▶ **Dataset**
= = = = = = =

(* Let $N,l$ be positive integers with $l<N$, let $\hat a(\xi)=\cos^{2N}(\xi/2)\sum_{j=0}^{l}\binom{N-1+j}{j}\sin^{2j}(\xi/2)$ be the mask of the pseudo spline of type II of order $(N,l)$, and let $\hat b(\xi)=e^{-i\xi}\overline{\hat a(\xi+\pi)}$. Then for all $0\le\alpha<\beta\le\pi$ and all $\xi\in\mathbb R$, $$|\hat b(\alpha)|\,\chi_{[-\beta,-\alpha]\cup[\alpha,\beta]}(\xi)\le|\hat b(\xi)|\le\min\Big\{1,\ \frac{\sum_{j=0}^{l}\binom{N+l}{j}}{2^{2N}}|\xi|^{2N}\Big\}.$$ *)

theory Defs
  imports "HOL-Analysis.Analysis"
begin

definition pseudo_mask_II :: "nat \<Rightarrow> nat \<Rightarrow> real \<Rightarrow> complex" where
  "pseudo_mask_II N l \<xi> = complex_of_real
     ((cos (\<xi>/2)) ^ (2*N) * (\<Sum>j=0..l. real ((N - 1 + j) choose j) * (sin (\<xi>/2)) ^ (2*j)))"

definition pseudo_mask_b :: "nat \<Rightarrow> nat \<Rightarrow> real \<Rightarrow> complex" where
  "pseudo_mask_b N l \<xi> = cis (- \<xi>) * cnj (pseudo_mask_II N l (\<xi> + pi))"

end

theory Submission
  imports Defs
begin

text \<open>Writing y = cos(\<xi>/2)^2, one has |b(\<xi>)| = h(y) for the polynomial
  h(y) = (1 - y)^N * sum_{j<=l} C(N-1+j, j) y^j. The derivative of h telescopes to
  -(N+l) C(N-1+l, l) (1-y)^(N-1) y^l, so h decreases on [0,1] from h(0) = 1; as cos(\<xi>/2)^2
  decreases in |\<xi>| on [0,pi], this gives the lower bound and the bound by 1. Bounding each y^j
  by 1 and using 1 - y = sin(\<xi>/2)^2 \<le> \<xi>^2/4 gives the polynomial bound.\<close>

definition pseudo_spline_poly :: "nat \<Rightarrow> nat \<Rightarrow> real \<Rightarrow> real" where
  "pseudo_spline_poly N l y = (1 - y) ^ N * (\<Sum>j=0..l. real ((N - 1 + j) choose j) * y ^ j)"

lemma Suc_times_binomial_shift:
  assumes "N \<ge> 1"
  shows "real (Suc l) * real ((N - 1 + Suc l) choose Suc l) = real (N + l) * real ((N - 1 + l) choose l)"
proof -
  have "Suc (N - 1 + l) * ((N - 1 + l) choose l) = (Suc (N - 1 + l) choose Suc l) * Suc l"
    by (rule Suc_times_binomial_eq)
  moreover have "Suc (N - 1 + l) = N + l" "N - 1 + Suc l = N + l" using assms by auto
  ultimately have "(N + l) * ((N - 1 + l) choose l) = Suc l * ((N - 1 + Suc l) choose Suc l)"
    by simp
  then show ?thesis by (metis of_nat_mult)
qed

lemma pseudo_spline_sum_telescope:
  fixes y :: real
  assumes "N \<ge> 1"
  defines "c \<equiv> \<lambda>j. real ((N - 1 + j) choose j)"
  shows "- real N * (\<Sum>j=0..l. c j * y ^ j) + (1 - y) * (\<Sum>j=0..l. c j * (real j * y ^ (j - 1)))
         = - real (N + l) * c l * y ^ l"
proof (induction l)
  case 0
  then show ?case by (simp add: c_def)
next
  case (Suc l)
  have shift: "real (Suc l) * c (Suc l) = real (N + l) * c l"
    unfolding c_def by (rule Suc_times_binomial_shift[OF assms(1)])
  have "- real N * (\<Sum>j=0..Suc l. c j * y ^ j) + (1 - y) * (\<Sum>j=0..Suc l. c j * (real j * y ^ (j - 1)))
      = (- real N * (\<Sum>j=0..l. c j * y ^ j) + (1 - y) * (\<Sum>j=0..l. c j * (real j * y ^ (j - 1))))
        - real N * c (Suc l) * y ^ Suc l + (1 - y) * (real (Suc l) * c (Suc l)) * y ^ l"
    by (simp add: algebra_simps)
  also have "\<dots> = - real (N + l) * c l * y ^ l - real N * c (Suc l) * y ^ Suc l
        + (1 - y) * (real (N + l) * c l) * y ^ l"
    using Suc.IH shift by simp
  also have "\<dots> = - real N * c (Suc l) * y ^ Suc l - y * (real (Suc l) * c (Suc l)) * y ^ l"
    using shift by (simp add: algebra_simps)
  also have "\<dots> = - real (N + Suc l) * c (Suc l) * y ^ Suc l"
    by (simp add: algebra_simps)
  finally show ?case .
qed

lemma pseudo_spline_poly_has_real_derivative:
  assumes "N \<ge> 1"
  shows "(pseudo_spline_poly N l has_real_derivative
           - (real (N + l) * real ((N - 1 + l) choose l) * (1 - y) ^ (N - 1) * y ^ l)) (at y)"
proof -
  define c where "c j = real ((N - 1 + j) choose j)" for j
  define S where "S = (\<Sum>j=0..l. c j * y ^ j)"
  define S' where "S' = (\<Sum>j=0..l. c j * (real j * y ^ (j - 1)))"
  have d_factor: "((\<lambda>y. (1 - y) ^ N) has_real_derivative real N * (1 - y) ^ (N - 1) * (-1)) (at y)"
  proof -
    have "((\<lambda>y. 1 - y) has_real_derivative 0 - 1) (at y)"
      by (intro DERIV_diff DERIV_const DERIV_ident)
    from DERIV_power[OF this, of N] show ?thesis by (simp add: mult.commute)
  qed
  have d_sum: "((\<lambda>y. \<Sum>j=0..l. c j * y ^ j) has_real_derivative S') (at y)"
    unfolding S'_def by (intro DERIV_sum DERIV_cmult) (simp add: DERIV_pow)
  have split_power: "(1 - y) ^ N = (1 - y) ^ (N - 1) * (1 - y)"
    using assms by (cases N) auto
  have "real N * (1 - y) ^ (N - 1) * (-1) * S + S' * (1 - y) ^ N
      = (1 - y) ^ (N - 1) * (- real N * S + (1 - y) * S')"
    unfolding split_power by (simp add: algebra_simps)
  also have "- real N * S + (1 - y) * S' = - real (N + l) * c l * y ^ l"
    unfolding S_def S'_def c_def by (rule pseudo_spline_sum_telescope[OF assms])
  also have "(1 - y) ^ (N - 1) * (- real (N + l) * c l * y ^ l)
      = - (real (N + l) * c l * (1 - y) ^ (N - 1) * y ^ l)"
    by (simp add: algebra_simps)
  finally show ?thesis
    using DERIV_mult[OF d_factor d_sum]
    unfolding pseudo_spline_poly_def c_def[symmetric] S_def by simp
qed

lemma pseudo_spline_poly_antimono:
  assumes "N \<ge> 1" "0 \<le> a" "a \<le> b" "b \<le> 1"
  shows "pseudo_spline_poly N l b \<le> pseudo_spline_poly N l a"
proof (rule DERIV_nonpos_imp_nonincreasing[OF assms(3)])
  fix x assume "a \<le> x" "x \<le> b"
  define D where "D = real (N + l) * real ((N - 1 + l) choose l) * (1 - x) ^ (N - 1) * x ^ l"
  have "0 \<le> D"
    using assms \<open>a \<le> x\<close> \<open>x \<le> b\<close> by (simp add: D_def)
  moreover have "(pseudo_spline_poly N l has_real_derivative - D) (at x)"
    unfolding D_def by (rule pseudo_spline_poly_has_real_derivative[OF assms(1)])
  ultimately show "\<exists>D. (pseudo_spline_poly N l has_real_derivative D) (at x) \<and> D \<le> 0"
    by (intro exI[of _ "- D"]) simp
qed

lemma pseudo_spline_poly_0 [simp]: "pseudo_spline_poly N l 0 = 1"
proof -
  have "(\<Sum>j=0..l. real ((N - 1 + j) choose j) * 0 ^ j) = (\<Sum>j\<in>{0..l}. if j = 0 then 1 else (0::real))"
    by (rule sum.cong) auto
  then show ?thesis unfolding pseudo_spline_poly_def by simp
qed

lemma pseudo_spline_poly_le_1:
  assumes "N \<ge> 1" "0 \<le> y" "y \<le> 1"
  shows "pseudo_spline_poly N l y \<le> 1"
  using pseudo_spline_poly_antimono[OF assms(1) order_refl assms(2,3)] by simp

lemma sum_binomial_diagonal:
  assumes "N \<ge> 1"
  shows "(\<Sum>j=0..l. (N - 1 + j) choose j) = (N + l) choose l"
proof -
  have "(\<Sum>j=0..l. (N - 1 + j) choose j) = Suc (N - 1 + l) choose l"
    by (simp add: atLeast0AtMost sum_choose_lower)
  also have "Suc (N - 1 + l) = N + l" using assms by simp
  finally show ?thesis .
qed

lemma pseudo_spline_poly_le_power:
  assumes "N \<ge> 1" "0 \<le> y" "y \<le> 1"
  shows "pseudo_spline_poly N l y \<le> real ((N + l) choose l) * (1 - y) ^ N"
proof -
  have "(\<Sum>j=0..l. real ((N - 1 + j) choose j) * y ^ j) \<le> (\<Sum>j=0..l. real ((N - 1 + j) choose j))"
    using assms by (intro sum_mono mult_left_le) (auto simp: power_le_one)
  also have "\<dots> = real ((N + l) choose l)"
    using sum_binomial_diagonal[OF assms(1)] by (metis of_nat_sum)
  finally show ?thesis
    unfolding pseudo_spline_poly_def using assms by (simp add: mult.commute mult_left_mono)
qed

lemma norm_pseudo_mask_b:
  shows "cmod (pseudo_mask_b N l \<xi>) = pseudo_spline_poly N l (cos (\<xi> / 2) ^ 2)"
proof -
  have cos_shift: "cos ((\<xi> + pi) / 2) = - sin (\<xi> / 2)"
    and sin_shift: "sin ((\<xi> + pi) / 2) = cos (\<xi> / 2)"
    using cos_add[of "\<xi>/2" "pi/2"] sin_add[of "\<xi>/2" "pi/2"] by (simp_all add: add_divide_distrib)
  have mask: "pseudo_mask_II N l (\<xi> + pi) = complex_of_real (pseudo_spline_poly N l (cos (\<xi> / 2) ^ 2))"
    unfolding pseudo_mask_II_def pseudo_spline_poly_def cos_shift sin_shift
    by (simp add: power_mult sin_squared_eq power_mult_distrib)
  have "0 \<le> pseudo_spline_poly N l (cos (\<xi> / 2) ^ 2)"
    unfolding pseudo_spline_poly_def
    by (intro mult_nonneg_nonneg sum_nonneg) (auto simp: abs_square_le_1)
  then show ?thesis
    by (simp add: pseudo_mask_b_def mask norm_mult)
qed

lemma cos_half_squared_antimono:
  fixes \<alpha> \<xi> :: real
  assumes "\<alpha> \<le> \<bar>\<xi>\<bar>" "\<bar>\<xi>\<bar> \<le> pi" "0 \<le> \<alpha>"
  shows "cos (\<xi> / 2) ^ 2 \<le> cos (\<alpha> / 2) ^ 2"
proof -
  have "cos (\<bar>\<xi>\<bar> / 2) \<le> cos (\<alpha> / 2)" "0 \<le> cos (\<bar>\<xi>\<bar> / 2)"
    using assms by (auto intro!: cos_monotone_0_pi_le cos_ge_zero)
  moreover have "cos (\<bar>\<xi>\<bar> / 2) = cos (\<xi> / 2)"
    by (simp add: abs_if)
  ultimately show ?thesis by (metis power_mono)
qed

lemma one_minus_cos_half_squared_le:
  fixes \<xi> :: real
  shows "1 - cos (\<xi> / 2) ^ 2 \<le> \<xi> ^ 2 / 4"
proof -
  have "sin (\<xi> / 2) ^ 2 \<le> (\<xi> / 2) ^ 2"
    using abs_sin_x_le_abs_x[of "\<xi>/2"] by (metis abs_ge_zero power2_abs power_mono)
  then show ?thesis by (simp add: sin_squared_eq power_divide)
qed

lemma norm_pseudo_mask_b_le_1:
  assumes "N \<ge> 1"
  shows "cmod (pseudo_mask_b N l \<xi>) \<le> 1"
  unfolding norm_pseudo_mask_b
  using assms by (intro pseudo_spline_poly_le_1) (auto simp: abs_square_le_1)

lemma norm_pseudo_mask_b_le_power:
  assumes "N \<ge> 1"
  shows "cmod (pseudo_mask_b N l \<xi>) \<le> real ((N + l) choose l) / 2 ^ (2*N) * \<bar>\<xi>\<bar> ^ (2*N)"
proof -
  define y where "y = cos (\<xi> / 2) ^ 2"
  have y: "0 \<le> y" "y \<le> 1" unfolding y_def by (auto simp: abs_square_le_1)
  have "cmod (pseudo_mask_b N l \<xi>) \<le> real ((N + l) choose l) * (1 - y) ^ N"
    unfolding norm_pseudo_mask_b y_def[symmetric] by (rule pseudo_spline_poly_le_power[OF assms y])
  also have "(1 - y) ^ N \<le> (\<xi> ^ 2 / 4) ^ N"
    using y one_minus_cos_half_squared_le[of \<xi>] unfolding y_def by (intro power_mono) auto
  also have "\<dots> = \<bar>\<xi>\<bar> ^ (2*N) / 2 ^ (2*N)"
    by (simp add: power_mult power_divide)
  finally show ?thesis
    by (simp add: mult_left_mono)
qed

lemma norm_pseudo_mask_b_mono:
  assumes "N \<ge> 1" "0 \<le> \<alpha>" "\<alpha> \<le> \<bar>\<xi>\<bar>" "\<bar>\<xi>\<bar> \<le> pi"
  shows "cmod (pseudo_mask_b N l \<alpha>) \<le> cmod (pseudo_mask_b N l \<xi>)"
  unfolding norm_pseudo_mask_b
  using assms cos_half_squared_antimono[of \<alpha> \<xi>]
  by (intro pseudo_spline_poly_antimono) (auto simp: abs_square_le_1)

theorem mainTheorem5:
  fixes N l :: nat and \<alpha> \<beta> \<xi> :: real
  assumes "0 < l" and "l < N"
    and "0 \<le> \<alpha>" and "\<alpha> < \<beta>" and "\<beta> \<le> pi"
  shows "cmod (pseudo_mask_b N l \<alpha>) * indicator ({-\<beta>..-\<alpha>} \<union> {\<alpha>..\<beta>}) \<xi>
           \<le> cmod (pseudo_mask_b N l \<xi>) \<and>
         cmod (pseudo_mask_b N l \<xi>)
           \<le> min 1 ((\<Sum>j=0..l. real ((N + l) choose j)) / 2 ^ (2*N) * \<bar>\<xi>\<bar> ^ (2*N))"
proof -
  have N: "N \<ge> 1" using assms by simp
  have "real ((N + l) choose l) \<le> (\<Sum>j=0..l. real ((N + l) choose j))"
    by (rule member_le_sum) auto
  then have "real ((N + l) choose l) / 2 ^ (2*N) * \<bar>\<xi>\<bar> ^ (2*N)
      \<le> (\<Sum>j=0..l. real ((N + l) choose j)) / 2 ^ (2*N) * \<bar>\<xi>\<bar> ^ (2*N)"
    by (intro mult_right_mono divide_right_mono) auto
  then have upper: "cmod (pseudo_mask_b N l \<xi>)
      \<le> min 1 ((\<Sum>j=0..l. real ((N + l) choose j)) / 2 ^ (2*N) * \<bar>\<xi>\<bar> ^ (2*N))"
    using norm_pseudo_mask_b_le_1[OF N] norm_pseudo_mask_b_le_power[OF N, of l \<xi>] by simp
  have "cmod (pseudo_mask_b N l \<alpha>) \<le> cmod (pseudo_mask_b N l \<xi>)"
    if "\<xi> \<in> {-\<beta>..-\<alpha>} \<union> {\<alpha>..\<beta>}"
    using that assms by (intro norm_pseudo_mask_b_mono[OF N]) auto
  then show ?thesis
    using upper by (simp add: indicator_def)
qed

end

= = = = = = =

▶ **Problem requirements**
For the string "decreases", go through the entries above and copy each line where it occurs.

▶ **Written response**
  -(N+l) C(N-1+l, l) (1-y)^(N-1) y^l, so h decreases on [0,1] from h(0) = 1; as cos(\<xi>/2)^2
  decreases in |\<xi>| on [0,pi], this gives the lower bound and the bound by 1. Bounding each y^j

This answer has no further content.